The first anniversary, the first birthday, the first Christmas, these "firsts" are the worst so your DDs friend's mum was probably feeling a bit raw yesterday.

You acknowledged their loss and offered sympathy and a hug. I think that you were right to act s you did.

KaSo · 11/06/2008 21:10

I'd have wanted you to mention it. Obviously it will bring the tears, but it's better than thinking your loved one has been forgotton. Well done you!

georgiemama · 11/06/2008 21:11

I think you did exactly the right thing, there is nothing worse than people pretending the dead never existed. You might have caught her off guard but there is nothing wrong with what you said and I would have done the same thing.

But then, when I was at school and a girl in my class had her father drop dead whilst getting dressed for work, I was sent to deliver her card (rather than her dearest friends ) and ended up expressing my condolences to her mother. This I had not planned on but I still think it was better than doing and saying nothing.

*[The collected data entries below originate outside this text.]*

lemma card_verts_glued: "card (verts QB) = card (verts Q) - 1"
proof -
  have "\<pi> ` verts Q = verts Q - {en}"
  proof (rule set_eqI)
    fix v show "v \<in> \<pi> ` verts Q \<longleftrightarrow> v \<in> verts Q - {en}"
    proof
      assume "v \<in> \<pi> ` verts Q"
      then obtain u where "u \<in> verts Q" "v = \<pi> u" by blast
      then show "v \<in> verts Q - {en}" using e1_vert ends_distinct by (auto simp: glue_vert_def)
    next
      assume v: "v \<in> verts Q - {en}"
      then have "\<pi> v = v" using glue_vert_eq_self by simp
      then show "v \<in> \<pi> ` verts Q" using v by (metis DiffD1 image_eqI)
    qed
  qed
  then show ?thesis using en_vert finite_Q by (simp add: finite_quiver_def)
qed

lemma Q1B_glued_iff:
  "(a, \<gamma>) \<in> pairs_B \<longleftrightarrow> a \<in> arrs Q \<and>
    ((\<gamma> = (\<pi> (src Q a), []) \<and> \<pi> (tgt Q a) = \<pi> (src Q a)) \<or>
     (\<exists>b. \<gamma> = (\<pi> (src Q a), [b]) \<and> b \<in> arrs Q \<and> \<pi> (src Q b) = \<pi> (src Q a) \<and> \<pi> (tgt Q b) = \<pi> (tgt Q a)))"
  using Q1B_rad2_iff[OF finite_glued, of a \<gamma>] by simp

lemma star_pair_mem_pairs_B: "x \<in> pairs_A \<Longrightarrow> star_pair x \<in> pairs_B"
  by (cases x) (auto simp: Q1B_rad2_iff[OF finite_Q] Q1B_glued_iff star_path_def)

lemma inj_on_star_pair: "inj_on star_pair pairs_A"
proof (rule inj_onI)
  fix x y assume x: "x \<in> pairs_A" and y: "y \<in> pairs_A" and eq: "star_pair x = star_pair y"
  obtain a \<gamma> b \<delta> where xy: "x = (a, \<gamma>)" "y = (b, \<delta>)" by (cases x, cases y)
  have "a = b" "star \<gamma> = star \<delta>" using eq by (simp_all add: xy)
  then have "a = b" "snd \<gamma> = snd \<delta>" by (auto dest: arg_cong[where f = snd])
  moreover have "fst \<gamma> = src Q a" "fst \<delta> = src Q b"
    using x y by (auto simp: xy Q1B_rad2_iff[OF finite_Q])
  ultimately show "x = y" by (simp add: xy prod_eq_iff)
qed

lemma special_pairs_iff:
  "(\<alpha>, p) \<in> spp \<longleftrightarrow> \<alpha> \<in> arrs Q \<and> p \<in> basis Q (rad2_rels Q)
     \<and> (src Q \<alpha> \<in> {e1, en} \<or> tgt Q \<alpha> \<in> {e1, en})
     \<and> \<pi> (fst p) = \<pi> (src Q \<alpha>) \<and> \<pi> (pend Q p) = \<pi> (tgt Q \<alpha>)
     \<and> \<not> (fst p = src Q \<alpha> \<and> pend Q p = tgt Q \<alpha>)"
  unfolding special_pairs_def by (simp add: pend_star_path)

lemma star_pair_special_mem_pairs_B: "x \<in> spp \<Longrightarrow> star_pair x \<in> pairs_B"
proof -
  assume x: "x \<in> spp"
  obtain \<alpha> p where x_eq: "x = (\<alpha>, p)" by (cases x)
  have "\<alpha> \<in> arrs Q" "p \<in> basis Q (rad2_rels Q)" "\<pi> (fst p) = \<pi> (src Q \<alpha>)" "\<pi> (pend Q p) = \<pi> (tgt Q \<alpha>)"
    using x by (simp_all add: x_eq special_pairs_iff)
  then show "star_pair x \<in> pairs_B"
    unfolding Q1B_def using star_path_mem_basis_rad2 by (simp add: x_eq pend_star_path)
qed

SmugColditz · 11/06/2008 21:11

Sometimes crying is better than not crying.

assdoc · 11/06/2008 21:13

I was widowed 12 years ago when DD was very little. I positively loved people to acknowlege his birthday and other significant days. It was so good to know that others remembered him and honoured his life, even in the tiniest ways. My very good friend (you know who you are) is the only person aside from my Mum, Sister and his Mum who still remember. She never fails to let me know she's thinking of me DD and DH even after all these years and it means the world to us.

You did the right thing. I'm sure of it. Perhaps you caught her off balance as she wouldn't have expected you to know but I'm sure she wouldn't have been upset because you mentioned him.

yama · 11/06/2008 21:14

I'm not an expert but do know that saying someone's name reinforces the fact that they were alive. I have only worked with children who have been bereaved and this is usually a good thing.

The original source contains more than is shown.